Dataset entries
(* Let $d>1$ be a square-free positive integer and let $M=\mathbb{Q}(i\sqrt{d})$, where $i=\sqrt{-1}$. Let $n\geq 1$, let $\alpha_1,\ldots,\alpha_n$ be distinct non-zero real numbers, and let $\lambda_j=\lambda_{j1}+i\lambda_{j2}$ with $\lambda_{j1},\lambda_{j2}\in\mathbb{R}$ for $1\leq j\leq n$. Let $c_0>0$. Let $X,Y\in\mathbb{Z}_M$ satisfy \[ \left|\prod_{j=1}^n(X-\alpha_j Y+\lambda_j)\right|\leq c_0 . \] (a) If $d\equiv 3 \pmod 4$, write $X=x_1+x_2\frac{1+i\sqrt{d}}{2}$, $Y=y_1+y_2\frac{1+i\sqrt{d}}{2}$ with $x_1,x_2,y_1,y_2\in\mathbb{Z}$. Then \[ \left|\prod_{j=1}^n\bigl((2x_1+x_2)-\alpha_j (2y_1+y_2)+2\lambda_{j1}\bigr)\right|\leq 2^n c_0 \quad\text{and}\quad \left|\prod_{j=1}^n\Bigl(x_2-\alpha_j y_2+\frac{2}{\sqrt{d}}\lambda_{j2}\Bigr)\right|\leq \frac{2^n c_0}{\sqrt{d}^{\,n}}. \] (b) If $d\equiv 1,2 \pmod 4$, write $X=x_1+x_2 i\sqrt{d}$, $Y=y_1+y_2 i\sqrt{d}$ with $x_1,x_2,y_1,y_2\in\mathbb{Z}$. Then \[ \left|\prod_{j=1}^n(x_1-\alpha_j y_1+\lambda_{j1})\right|\leq c_0 \quad\text{and}\quad \left|\prod_{j=1}^n\Bigl(x_2-\alpha_j y_2+\frac{1}{\sqrt{d}}\lambda_{j2}\Bigr)\right|\leq \frac{c_0}{\sqrt{d}^{\,n}}. \]
   Context: $\mathbb{Z}_M$ denotes the ring of integers of the number field $M$, viewed as a subset of $\mathbb{C}$ via $i\sqrt{d}\in\mathbb{C}$. For $d\equiv 3\pmod 4$ an integral basis of $\mathbb{Z}_M$ is $\{1,\frac{1+i\sqrt{d}}{2}\}$, and for $d\equiv 1,2\pmod 4$ it is $\{1,i\sqrt{d}\}$, so the integers $x_1,x_2,y_1,y_2$ are uniquely determined. *)

theory Defs
  imports Complex_Main "HOL-Computational_Algebra.Squarefree"
begin

text \<open>The second element of the integral basis of the ring of integers of
  M = Q(i sqrt d), for square-free d > 1, embedded in C via i sqrt d.\<close>
definition omegaM :: "nat \<Rightarrow> complex" where
  "omegaM d = (if d mod 4 = 3
               then (1 + \<i> * complex_of_real (sqrt (real d))) / 2
               else \<i> * complex_of_real (sqrt (real d)))"

definition ZM :: "nat \<Rightarrow> complex set" where
  "ZM d = {of_int a + of_int b * omegaM d | a b :: int. True}"

end

theory Submission
  imports Defs
begin

text \<open>Since X and Y have integer coordinates in the basis {1, omegaM d}, each factor of the
  claimed products is a fixed real multiple (2 and 2/sqrt d, resp. 1 and 1/sqrt d) of the real
  or imaginary part of the complex factor X - alpha_j Y + lambda_j. Both parts are bounded in
  absolute value by the modulus, and the bound multiplies over j.\<close>

lemma abs_prod_scaled_le_norm_prod:
  fixes z :: "'i \<Rightarrow> 'a::real_normed_field" and g :: "'a \<Rightarrow> real"
  assumes g_le_norm: "\<And>w. \<bar>g w\<bar> \<le> norm w"
    and "norm (\<Prod>j\<in>A. z j) \<le> B" and "c \<ge> 0"
  shows "\<bar>\<Prod>j\<in>A. c * g (z j)\<bar> \<le> c ^ card A * B"
proof -
  have "\<bar>\<Prod>j\<in>A. c * g (z j)\<bar> = (\<Prod>j\<in>A. c * \<bar>g (z j)\<bar>)"
    using \<open>c \<ge> 0\<close> by (simp add: abs_prod abs_mult)
  also have "\<dots> \<le> (\<Prod>j\<in>A. c * norm (z j))"
    using \<open>c \<ge> 0\<close> g_le_norm by (intro prod_mono) (auto intro: mult_left_mono)
  also have "\<dots> = c ^ card A * norm (\<Prod>j\<in>A. z j)"
    by (simp add: prod.distrib prod_norm)
  also have "\<dots> \<le> c ^ card A * B"
    using assms by (simp add: mult_left_mono)
  finally show ?thesis .
qed

lemma Re_Im_linear_form_in_basis:
  assumes "X = of_int x1 + of_int x2 * w" and "Y = of_int y1 + of_int y2 * w"
  shows "Re (X - of_real a * Y + l)
      = (real_of_int x1 - a * real_of_int y1) + (real_of_int x2 - a * real_of_int y2) * Re w + Re l"
    and "Im (X - of_real a * Y + l) = (real_of_int x2 - a * real_of_int y2) * Im w + Im l"
  using assms by (simp_all add: algebra_simps)

theorem theorem4:
  fixes d n :: nat and alpha :: "nat \<Rightarrow> real" and lam :: "nat \<Rightarrow> complex"
    and c0 :: real and X Y :: complex
  assumes "d > 1" and "squarefree d"
    and "n \<ge> 1"
    and "inj_on alpha {1..n}" and "\<forall>j\<in>{1..n}. alpha j \<noteq> 0"
    and "c0 > 0"
    and "X \<in> ZM d" and "Y \<in> ZM d"
    and "norm (\<Prod>j=1..n. X - of_real (alpha j) * Y + lam j) \<le> c0"
  shows
    "(d mod 4 = 3 \<longrightarrow>
       (\<forall>x1 x2 y1 y2 :: int.
          X = of_int x1 + of_int x2 * ((1 + \<i> * complex_of_real (sqrt (real d))) / 2) \<and>
          Y = of_int y1 + of_int y2 * ((1 + \<i> * complex_of_real (sqrt (real d))) / 2) \<longrightarrow>
          \<bar>\<Prod>j=1..n. real_of_int (2*x1 + x2) - alpha j * real_of_int (2*y1 + y2) + 2 * Re (lam j)\<bar>
             \<le> 2 ^ n * c0 \<and>
          \<bar>\<Prod>j=1..n. real_of_int x2 - alpha j * real_of_int y2 + 2 / sqrt (real d) * Im (lam j)\<bar>
             \<le> 2 ^ n * c0 / sqrt (real d) ^ n))
   \<and>
    ((d mod 4 = 1 \<or> d mod 4 = 2) \<longrightarrow>
       (\<forall>x1 x2 y1 y2 :: int.
          X = of_int x1 + of_int x2 * (\<i> * complex_of_real (sqrt (real d))) \<and>
          Y = of_int y1 + of_int y2 * (\<i> * complex_of_real (sqrt (real d))) \<longrightarrow>
          \<bar>\<Prod>j=1..n. real_of_int x1 - alpha j * real_of_int y1 + Re (lam j)\<bar> \<le> c0 \<and>
          \<bar>\<Prod>j=1..n. real_of_int x2 - alpha j * real_of_int y2 + 1 / sqrt (real d) * Im (lam j)\<bar>
             \<le> c0 / sqrt (real d) ^ n))"
proof (intro conjI impI allI; elim conjE)
  let ?s = "sqrt (real d)"
  define z where "z j = X - of_real (alpha j) * Y + lam j" for j
  have bound: "norm (\<Prod>j=1..n. z j) \<le> c0"
    using assms(9) by (simp add: z_def)
  have "?s > 0"
    using assms(1) by simp
  fix x1 x2 y1 y2 :: int
  {
    assume "X = of_int x1 + of_int x2 * ((1 + \<i> * complex_of_real ?s) / 2)"
      and "Y = of_int y1 + of_int y2 * ((1 + \<i> * complex_of_real ?s) / 2)"
    note coords = Re_Im_linear_form_in_basis[OF this]
    have Re_z: "real_of_int (2*x1 + x2) - alpha j * real_of_int (2*y1 + y2) + 2 * Re (lam j)
        = 2 * Re (z j)"
      and Im_z: "real_of_int x2 - alpha j * real_of_int y2 + 2 / ?s * Im (lam j) = 2 / ?s * Im (z j)"
      for j
      unfolding z_def coords using \<open>?s > 0\<close> by (simp_all add: field_simps)
    show "\<bar>\<Prod>j=1..n. real_of_int (2*x1 + x2) - alpha j * real_of_int (2*y1 + y2) + 2 * Re (lam j)\<bar>
        \<le> 2 ^ n * c0"
      using abs_prod_scaled_le_norm_prod[OF abs_Re_le_cmod bound, of 2]
      by (simp only: Re_z) simp
    show "\<bar>\<Prod>j=1..n. real_of_int x2 - alpha j * real_of_int y2 + 2 / ?s * Im (lam j)\<bar>
        \<le> 2 ^ n * c0 / ?s ^ n"
      using abs_prod_scaled_le_norm_prod[OF abs_Im_le_cmod bound, of "2 / ?s"]
      by (simp only: Im_z) (simp add: power_divide)
  }
  {
    assume "X = of_int x1 + of_int x2 * (\<i> * complex_of_real ?s)"
      and "Y = of_int y1 + of_int y2 * (\<i> * complex_of_real ?s)"
    note coords = Re_Im_linear_form_in_basis[OF this]
    have Re_z: "real_of_int x1 - alpha j * real_of_int y1 + Re (lam j) = 1 * Re (z j)"
      and Im_z: "real_of_int x2 - alpha j * real_of_int y2 + 1 / ?s * Im (lam j) = 1 / ?s * Im (z j)"
      for j
      unfolding z_def coords using \<open>?s > 0\<close> by (simp_all add: field_simps)
    show "\<bar>\<Prod>j=1..n. real_of_int x1 - alpha j * real_of_int y1 + Re (lam j)\<bar> \<le> c0"
      using abs_prod_scaled_le_norm_prod[OF abs_Re_le_cmod bound, of 1]
      by (simp only: Re_z) simp
    show "\<bar>\<Prod>j=1..n. real_of_int x2 - alpha j * real_of_int y2 + 1 / ?s * Im (lam j)\<bar>
        \<le> c0 / ?s ^ n"
      using abs_prod_scaled_le_norm_prod[OF abs_Im_le_cmod bound, of "1 / ?s"]
      by (simp only: Im_z) (simp add: power_divide)
  }
qed

end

> Assignment
Could you transcribe the entries above word for word, from the line with "using \<open>c \<ge> 0\<close> g_le_norm" down to the line with "n * c0 \<and>", keeping both?

> Output for this exercise
    using \<open>c \<ge> 0\<close> g_le_norm by (intro prod_mono) (auto intro: mult_left_mono)
  also have "\<dots> = c ^ card A * norm (\<Prod>j\<in>A. z j)"
    by (simp add: prod.distrib prod_norm)
  also have "\<dots> \<le> c ^ card A * B"
    using assms by (simp add: mult_left_mono)
  finally show ?thesis .
qed

lemma Re_Im_linear_form_in_basis:
  assumes "X = of_int x1 + of_int x2 * w" and "Y = of_int y1 + of_int y2 * w"
  shows "Re (X - of_real a * Y + l)
      = (real_of_int x1 - a * real_of_int y1) + (real_of_int x2 - a * real_of_int y2) * Re w + Re l"
    and "Im (X - of_real a * Y + l) = (real_of_int x2 - a * real_of_int y2) * Im w + Im l"
  using assms by (simp_all add: algebra_simps)

theorem theorem4:
  fixes d n :: nat and alpha :: "nat \<Rightarrow> real" and lam :: "nat \<Rightarrow> complex"
    and c0 :: real and X Y :: complex
  assumes "d > 1" and "squarefree d"
    and "n \<ge> 1"
    and "inj_on alpha {1..n}" and "\<forall>j\<in>{1..n}. alpha j \<noteq> 0"
    and "c0 > 0"
    and "X \<in> ZM d" and "Y \<in> ZM d"
    and "norm (\<Prod>j=1..n. X - of_real (alpha j) * Y + lam j) \<le> c0"
  shows
    "(d mod 4 = 3 \<longrightarrow>
       (\<forall>x1 x2 y1 y2 :: int.
          X = of_int x1 + of_int x2 * ((1 + \<i> * complex_of_real (sqrt (real d))) / 2) \<and>
          Y = of_int y1 + of_int y2 * ((1 + \<i> * complex_of_real (sqrt (real d))) / 2) \<longrightarrow>
          \<bar>\<Prod>j=1..n. real_of_int (2*x1 + x2) - alpha j * real_of_int (2*y1 + y2) + 2 * Re (lam j)\<bar>
             \<le> 2 ^ n * c0 \<and>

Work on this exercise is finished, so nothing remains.